Glycosaminoglycan accumulation, composition, and synthesis in developing WT, Fgfr2^C342Y/+, and Fgfr2^C342Y/C342Y palates. (A) GAG accumulation during palate development (a, P < 0.001; b, P < 0.02; c, P < 0.001). (B) Compared with WT, Fgfr2^C342Y/C342Y palates have less total GAG accumulation in the anterior (a, P < 0.05) and posterior (b, P < 0.02) regions at E14.25. (C–E) WT (C) and Fgfr2^C342Y/+ (D) palates show increased Alcian blue staining compared with Fgfr2^C342Y/C342Y (E) in the posterior region at E14.5 (representative of three embryos for each genotype). (F) Decreased GalN composition is seen in both regions of the Fgfr2^C342Y/C342Y palate at E14.25 compared with WT (a, P < 0.04; b, P < 0.02). (G) GalN/GlcN ratio in whole palatal shelves. All genotypes have a decreased ratio of GalN/GlcN in the whole palate just before elevation (E14.25; a, P < 0.001), and the Fgfr2^C342Y/C342Y GalN/GlcN ratio is further decreased compared with WT at E14.25 (b, P < 0.01).
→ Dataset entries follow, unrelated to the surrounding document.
(* Let $n\ge1$ and let $A\subseteq\mathbb{F}_3^n$ be such that there are no $a,b,c\in A$ with $b\neq c$ and $a+b+c=0$. Then for every integer $d\ge0$, $$|A|\le 2\,|M(n,\lfloor d/2\rfloor)|+3^n-|M(n,d)|.$$
   Context: $\mathbb{F}_3$ is the field of integers modulo $3$. For integers $n\ge1$ and $e\ge 0$, $M(n,e)$ denotes the set of monomials $x_1^{\alpha_1}\cdots x_n^{\alpha_n}$ with $0\le\alpha_i\le2$ for all $i$ and $\alpha_1+\dots+\alpha_n\le e$; thus $|M(n,e)|=\sum_{i=0}^{e}\binom{n}{i}_2$, where $\binom{n}{i}_2$ is the coefficient of $x^i$ in $(1+x+x^2)^n$. *)

theory Defs
  imports Main "HOL-Library.Numeral_Type"
begin

text \<open>Vectors in F_3^n are modelled as functions 'n => 3 for a finite index type 'n
 with CARD('n) = n; the type 3 from Numeral_Type is the integers modulo 3.\<close>

text \<open>Monomials x_1^a_1 ... x_n^a_n with 0 <= a_i <= 2 and total degree <= e,
 identified with their exponent vectors (supported on {..<n}).\<close>
definition M :: "nat \<Rightarrow> nat \<Rightarrow> (nat \<Rightarrow> nat) set" where
  "M n e = {\<alpha>. (\<forall>i. \<alpha> i \<le> 2) \<and> (\<forall>i\<ge>n. \<alpha> i = 0) \<and> (\<Sum>i<n. \<alpha> i) \<le> e}"

end

theory Submission
  imports Defs "HOL-Library.Function_Algebras" "HOL-Library.FuncSet" "HOL-Library.Indicator_Function"
    "HOL-Library.Cardinality" "HOL.Vector_Spaces"
begin

text \<open>
  Polynomial method.  The functions \<open>\<bbbF>\<^sub>3\<^sup>n \<rightarrow> \<bbbF>\<^sub>3\<close> spanned by the reduced monomials of degree at
  most \<open>d\<close> form a space of dimension \<open>|M(n,d)|\<close>; those vanishing outside \<open>-A\<close> still have
  dimension at least \<open>|M(n,d)| - (3\<^sup>n - |A|)\<close>, and such a subspace contains a function \<open>P\<close>
  with at least that many nonzero values, all of them on \<open>-A\<close>.  For
  \<open>T = {a \<in> A. P(-a) \<noteq> 0}\<close> the matrix \<open>(P(a + t))\<^sub>a\<^sub>,\<^sub>t\<^sub>\<in>\<^sub>T\<close> is diagonal with nonzero
  diagonal, because \<open>a + t + c = 0\<close> has no solution in \<open>A\<close> with \<open>a \<noteq> t\<close>.  On the other hand,
  expanding every monomial of \<open>P(a + t)\<close>, each term has a factor of degree at most \<open>\<lfloor>d/2\<rfloor>\<close>
  in \<open>a\<close> or in \<open>t\<close>, so that matrix has rank at most \<open>2 |M(n,\<lfloor>d/2\<rfloor>)|\<close>.
\<close>

section \<open>The field with three elements\<close>

lemma num3_cases: "(x::3) = 0 \<or> x = 1 \<or> x = 2"
proof (cases x)
  case (of_int z)
  then have "z = 0 \<or> z = 1 \<or> z = 2" by auto
  then show ?thesis using of_int by auto
qed

lemma num3_add_self: "(x::3) + x = - x"
  using num3_cases[of x] by auto

text \<open>The numeral type \<open>3\<close> is only a ring; a copy of it is made a field.\<close>

typedef gf3 = "UNIV :: 3 set" by simp
setup_lifting type_definition_gf3

instantiation gf3 :: comm_ring_1
begin
lift_definition zero_gf3 :: gf3 is 0 .
lift_definition one_gf3 :: gf3 is 1 .
lift_definition plus_gf3 :: "gf3 \<Rightarrow> gf3 \<Rightarrow> gf3" is "(+)" .
lift_definition minus_gf3 :: "gf3 \<Rightarrow> gf3 \<Rightarrow> gf3" is "(-)" .
lift_definition uminus_gf3 :: "gf3 \<Rightarrow> gf3" is uminus .
lift_definition times_gf3 :: "gf3 \<Rightarrow> gf3 \<Rightarrow> gf3" is "(*)" .
instance
  by standard (transfer, simp add: algebra_simps)+
end

instantiation gf3 :: field
begin
lift_definition inverse_gf3 :: "gf3 \<Rightarrow> gf3" is "\<lambda>x. x" \<comment> \<open>\<open>1\<close> and \<open>2\<close> are self-inverse\<close> .
lift_definition divide_gf3 :: "gf3 \<Rightarrow> gf3 \<Rightarrow> gf3" is "(*)" .
instance
  by standard (transfer; use num3_cases in fastforce)+
end

lemma Abs_gf3_add: "Abs_gf3 (x + y) = Abs_gf3 x + Abs_gf3 y"
  by (simp add: plus_gf3.abs_eq)

lemma Abs_gf3_diff: "Abs_gf3 (x - y) = Abs_gf3 x - Abs_gf3 y"
  by (simp add: minus_gf3.abs_eq)

lemma Abs_gf3_eq_0_iff: "Abs_gf3 x = 0 \<longleftrightarrow> x = 0"
  by (metis Abs_gf3_inject UNIV_I zero_gf3.abs_eq)

lemma gf3_square_eq_1: "(z::gf3) \<noteq> 0 \<Longrightarrow> z\<^sup>2 = 1"
  unfolding power2_eq_square by transfer (use num3_cases in fastforce)

section \<open>Spaces of functions into a field\<close>

definition fscale :: "'k::field \<Rightarrow> ('x \<Rightarrow> 'k) \<Rightarrow> 'x \<Rightarrow> 'k" where
  "fscale c f = (\<lambda>x. c * f x)"

interpretation fun_vs: vector_space "fscale :: 'k::field \<Rightarrow> ('x \<Rightarrow> 'k) \<Rightarrow> 'x \<Rightarrow> 'k"
  by unfold_locales (auto simp: fscale_def fun_eq_iff algebra_simps)

lemma sum_fun_apply: "(\<Sum>a\<in>A. f a) x = (\<Sum>a\<in>A. f a x)"
  by (induction A rule: infinite_finite_induct) auto

lemma inj_indicator_singleton: "inj (\<lambda>y. indicator {y} :: 'x \<Rightarrow> 'k::zero_neq_one)"
  by (rule injI) (metis indicator_simps(1) indicator_simps(2) singletonD singletonI zero_neq_one)

lemma independent_indicators:
  "fun_vs.independent (range (\<lambda>y::'x::finite. indicator {y} :: 'x \<Rightarrow> 'k::field))"
proof (rule fun_vs.independent_if_scalars_zero)
  fix c :: "('x \<Rightarrow> 'k) \<Rightarrow> 'k" and v :: "'x \<Rightarrow> 'k"
  assume sum0: "(\<Sum>u\<in>range (\<lambda>y. indicator {y}). fscale (c u) u) = 0"
    and "v \<in> range (\<lambda>y. indicator {y})"
  then obtain y where y: "v = indicator {y}" by auto
  have "0 = (\<Sum>u\<in>range (\<lambda>y. indicator {y}). fscale (c u) u) y"
    using sum0 by simp
  also have "\<dots> = (\<Sum>z\<in>UNIV. c (indicator {z}) * indicator {z} y)"
    by (simp add: sum_fun_apply sum.reindex[OF inj_indicator_singleton] fscale_def)
  also have "\<dots> = (\<Sum>z\<in>UNIV. if z = y then c v else 0)"
    by (rule sum.cong) (auto simp: y)
  also have "\<dots> = c v"
    by simp
  finally show "c v = 0" ..
qed simp

lemma span_indicators:
  "fun_vs.span (range (\<lambda>y::'x::finite. indicator {y} :: 'x \<Rightarrow> 'k::field)) = UNIV"
proof -
  have "f = (\<Sum>y\<in>UNIV. fscale (f y) (indicator {y}))" for f :: "'x \<Rightarrow> 'k"
  proof
    fix x
    have "(\<Sum>y\<in>UNIV. fscale (f y) (indicator {y})) x = (\<Sum>y\<in>UNIV. if y = x then f x else 0)"
      unfolding sum_fun_apply fscale_def by (rule sum.cong) auto
    then show "f x = (\<Sum>y\<in>UNIV. fscale (f y) (indicator {y})) x" by simp
  qed
  moreover have "(\<Sum>y\<in>UNIV. fscale (f y) (indicator {y})) \<in> fun_vs.span (range (\<lambda>y. indicator {y}))"
    for f :: "'x \<Rightarrow> 'k"
    by (intro fun_vs.span_sum fun_vs.span_scale fun_vs.span_base) auto
  ultimately show ?thesis by (metis UNIV_eq_I)
qed

interpretation fun_fds: finite_dimensional_vector_space
  "fscale :: 'k::field \<Rightarrow> ('x::finite \<Rightarrow> 'k) \<Rightarrow> _" "range (\<lambda>y. indicator {y})"
  by unfold_locales (simp_all add: independent_indicators span_indicators)

lemma dim_UNIV_fun: "fun_vs.dim (UNIV :: ('x::finite \<Rightarrow> 'k::field) set) = CARD('x)"
  by (simp add: card_image inj_indicator_singleton)

definition vanishing_on :: "('x \<Rightarrow> 'k::zero) set \<Rightarrow> 'x set \<Rightarrow> ('x \<Rightarrow> 'k) set" where
  "vanishing_on W S = {w \<in> W. \<forall>x\<in>S. w x = 0}"

lemma subspace_vanishing_on:
  "fun_vs.subspace W \<Longrightarrow> fun_vs.subspace (vanishing_on W S)"
  unfolding fun_vs.subspace_def vanishing_on_def fscale_def by simp

lemma vanishing_on_insert: "vanishing_on W (insert x S) = vanishing_on (vanishing_on W S) {x}"
  unfolding vanishing_on_def by auto

lemma dim_le_dim_vanishing_on_point:
  fixes W :: "('x::finite \<Rightarrow> 'k::field) set"
  assumes W: "fun_vs.subspace W"
  shows "fun_vs.dim W \<le> fun_vs.dim (vanishing_on W {x}) + 1"
proof (cases "\<exists>u\<in>W. u x \<noteq> 0")
  case False
  then have "vanishing_on W {x} = W" unfolding vanishing_on_def by auto
  then show ?thesis by simp
next
  case True
  then obtain u where u: "u \<in> W" "u x \<noteq> 0" by auto
  let ?V = "insert u (vanishing_on W {x})"
  have "w \<in> fun_vs.span ?V" if w: "w \<in> W" for w
  proof -
    define c where "c = w x / u x"
    have "w - fscale c u \<in> W"
      using w u W by (simp add: fun_vs.subspace_diff fun_vs.subspace_scale)
    moreover have "(w - fscale c u) x = 0"
      using u by (simp add: c_def fscale_def)
    ultimately have "w - fscale c u \<in> vanishing_on W {x}"
      by (simp add: vanishing_on_def)
    then have "(w - fscale c u) + fscale c u \<in> fun_vs.span ?V"
      by (intro fun_vs.span_add fun_vs.span_scale fun_vs.span_base) auto
    then show ?thesis by simp
  qed
  then have "fun_vs.dim W \<le> fun_vs.dim ?V" by (intro fun_fds.dim_mono) blast
  also have "\<dots> \<le> fun_vs.dim (vanishing_on W {x}) + 1" by (simp add: fun_fds.dim_insert)
  finally show ?thesis .
qed

lemma dim_le_dim_vanishing_on:
  fixes W :: "('x::finite \<Rightarrow> 'k::field) set"
  assumes W: "fun_vs.subspace W"
  shows "fun_vs.dim W \<le> fun_vs.dim (vanishing_on W S) + card S"
  using finite[of S]
proof (induction S rule: finite_induct)
  case empty
  have "vanishing_on W {} = W" unfolding vanishing_on_def by auto
  then show ?case by simp
next
  case (insert x S)
  have "fun_vs.dim (vanishing_on W S) \<le> fun_vs.dim (vanishing_on W (insert x S)) + 1"
    unfolding vanishing_on_insert[of W x S]
    by (rule dim_le_dim_vanishing_on_point[OF subspace_vanishing_on[OF W]])
  with insert show ?case by simp
qed

text \<open>The support of a vector of maximal support cannot be enlarged, so the vectors vanishing on
  it are all zero.\<close>

lemma subspace_has_large_support:
  fixes W :: "('x::finite \<Rightarrow> 'k::field) set"
  assumes W: "fun_vs.subspace W"
  shows "\<exists>w\<in>W. fun_vs.dim W \<le> card {x. w x \<noteq> 0}"
proof -
  have "card {x. v x \<noteq> 0} < Suc CARD('x)" for v :: "'x \<Rightarrow> 'k"
    by (simp add: card_mono le_imp_less_Suc)
  then obtain w where w: "w \<in> W" and max: "\<And>v. v \<in> W \<Longrightarrow> card {x. v x \<noteq> 0} \<le> card {x. w x \<noteq> 0}"
    using ex_has_greatest_nat[of "\<lambda>v. v \<in> W" 0 "\<lambda>v. card {x. v x \<noteq> 0}" "Suc CARD('x)"]
      fun_vs.subspace_0[OF W] by blast
  let ?T = "{x. w x \<noteq> 0}"
  show ?thesis
  proof (rule ccontr)
    assume "\<not> ?thesis"
    with w have "card ?T < fun_vs.dim W" by (meson not_le)
    with dim_le_dim_vanishing_on[OF W, of ?T] have "fun_vs.dim (vanishing_on W ?T) \<noteq> 0"
      by linarith
    then have "\<not> vanishing_on W ?T \<subseteq> {0}" by simp
    then obtain v where v: "v \<in> W" "\<And>x. w x \<noteq> 0 \<Longrightarrow> v x = 0" and "v \<noteq> 0"
      unfolding vanishing_on_def by auto
    then obtain y where y: "v y \<noteq> 0" by (auto simp: fun_eq_iff)
    have "y \<notin> ?T" using v y by auto
    then have "insert y ?T \<subseteq> {x. (w + v) x \<noteq> 0}" using v y by auto
    then have "card (insert y ?T) \<le> card {x. (w + v) x \<noteq> 0}" by (intro card_mono) simp_all
    moreover have "w + v \<in> W" using W w v by (simp add: fun_vs.subspace_add)
    ultimately show False using max[of "w + v"] \<open>y \<notin> ?T\<close> by simp
  qed
qed

lemma exists_vanishing_on_large_support:
  fixes W :: "('x::finite \<Rightarrow> 'k::field) set"
  assumes "fun_vs.subspace W"
  shows "\<exists>w\<in>W. (\<forall>x\<in>S. w x = 0) \<and> fun_vs.dim W \<le> card {x. w x \<noteq> 0} + card S"
  using subspace_has_large_support[OF subspace_vanishing_on[OF assms, of S]]
    dim_le_dim_vanishing_on[OF assms, of S]
  unfolding vanishing_on_def by fastforce

text \<open>A diagonal matrix with nonzero diagonal has full rank, whereas a sum of \<open>|I|\<close> rank-one
  matrices has rank at most \<open>|I|\<close>.\<close>

lemma card_le_of_diagonal_decomposition:
  fixes f :: "'x \<Rightarrow> 'x \<Rightarrow> 'k::field"
  assumes "finite I" "finite T"
    and decomp: "\<And>a t. f a t = (\<Sum>i\<in>I. u i a * v i t)"
    and diag: "\<And>t. t \<in> T \<Longrightarrow> f t t \<noteq> 0"
    and off_diag: "\<And>a t. a \<in> T \<Longrightarrow> t \<in> T \<Longrightarrow> a \<noteq> t \<Longrightarrow> f a t = 0"
  shows "card T \<le> card I"
proof -
  define col where "col t = (\<lambda>a. f a t)" for t
  have inj: "inj_on col T"
    by (rule inj_onI) (metis col_def diag off_diag)
  have "fun_vs.independent (col ` T)"
  proof (rule fun_vs.independent_if_scalars_zero)
    fix c :: "('x \<Rightarrow> 'k) \<Rightarrow> 'k" and w
    assume sum0: "(\<Sum>w\<in>col ` T. fscale (c w) w) = 0" and "w \<in> col ` T"
    then obtain t where t: "t \<in> T" "w = col t" by auto
    have "0 = (\<Sum>w\<in>col ` T. fscale (c w) w) t" using sum0 by simp
    also have "\<dots> = (\<Sum>s\<in>T. c (col s) * f t s)"
      unfolding sum_fun_apply sum.reindex[OF inj] by (simp add: fscale_def col_def)
    also have "\<dots> = (\<Sum>s\<in>T. if s = t then c w * f t t else 0)"
      by (rule sum.cong) (auto simp: t off_diag)
    also have "\<dots> = c w * f t t" using t \<open>finite T\<close> by simp
    finally show "c w = 0" using diag[OF t(1)] by simp
  qed (use \<open>finite T\<close> in simp)
  moreover have "col ` T \<subseteq> fun_vs.span (u ` I)"
  proof
    fix w assume "w \<in> col ` T"
    then obtain t where "w = col t" by auto
    then have "w = (\<Sum>i\<in>I. fscale (v i t) (u i))"
      by (simp add: fun_eq_iff col_def decomp sum_fun_apply fscale_def mult.commute)
    also have "\<dots> \<in> fun_vs.span (u ` I)"
      by (intro fun_vs.span_sum fun_vs.span_scale fun_vs.span_base) auto
    finally show "w \<in> fun_vs.span (u ` I)" .
  qed
  ultimately have "card (col ` T) \<le> card (u ` I)"
    using fun_vs.independent_span_bound \<open>finite I\<close> by blast
  also have "\<dots> \<le> card I" using \<open>finite I\<close> by (rule card_image_le)
  finally show ?thesis using card_image[OF inj] by simp
qed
At E14.5, all genotypes show an increased GalN/GlcN ratio (c, P < 0.001), and the Fgfr2^C342Y/C342Y GalN/GlcN ratio is further increased compared with WT (d, P < 0.02). (H) Has2 expression was decreased in the posterior region of the Fgfr2^C342Y/C342Y palate compared with WT at E14.25 (a, P < 0.05). Black bars, WT; gray bars, Fgfr2^C342Y/+; white bars, Fgfr2^C342Y/C342Y.

Fig. 5.

FGF signaling and palate development: In vitro FGF signaling manipulation in WT palate and qPCR studies in WT and Fgfr2^C342Y/C342Y posterior palates. (A) WT palate explant cultures treated with FGF2 (1 μg/mL) or PD173074 (2 μM) exhibited cleft palate (arrows) compared with the fused palates of untreated and DMSO-treated control palates. (B) Compared with WT, the posterior palates of Fgfr2^C342Y/C342Y mice exhibit a 2-fold increase in relative expression of Fgfr2c at E15.5 (a, P < 0.02; n = 4 or more), but no differences at earlier time points. (C) Barx1 expression in the Fgfr2^C342Y/C342Y posterior palate increases greater than 2.5-fold (a, P < 0.05) at E14.25 (n = 7 or more). (D) Expression of Spry2 is decreased in Fgfr2^C342Y/C342Y mouse compared with WT at E15.5 (a, P < 0.04, n = 4 or more). (E) Expression of Spry4 is decreased throughout palate development (a, P < 0.01; b, P < 0.01; c, P < 0.03; n = 4 or more). Black bars, WT; white bars, Fgfr2^C342Y/C342Y.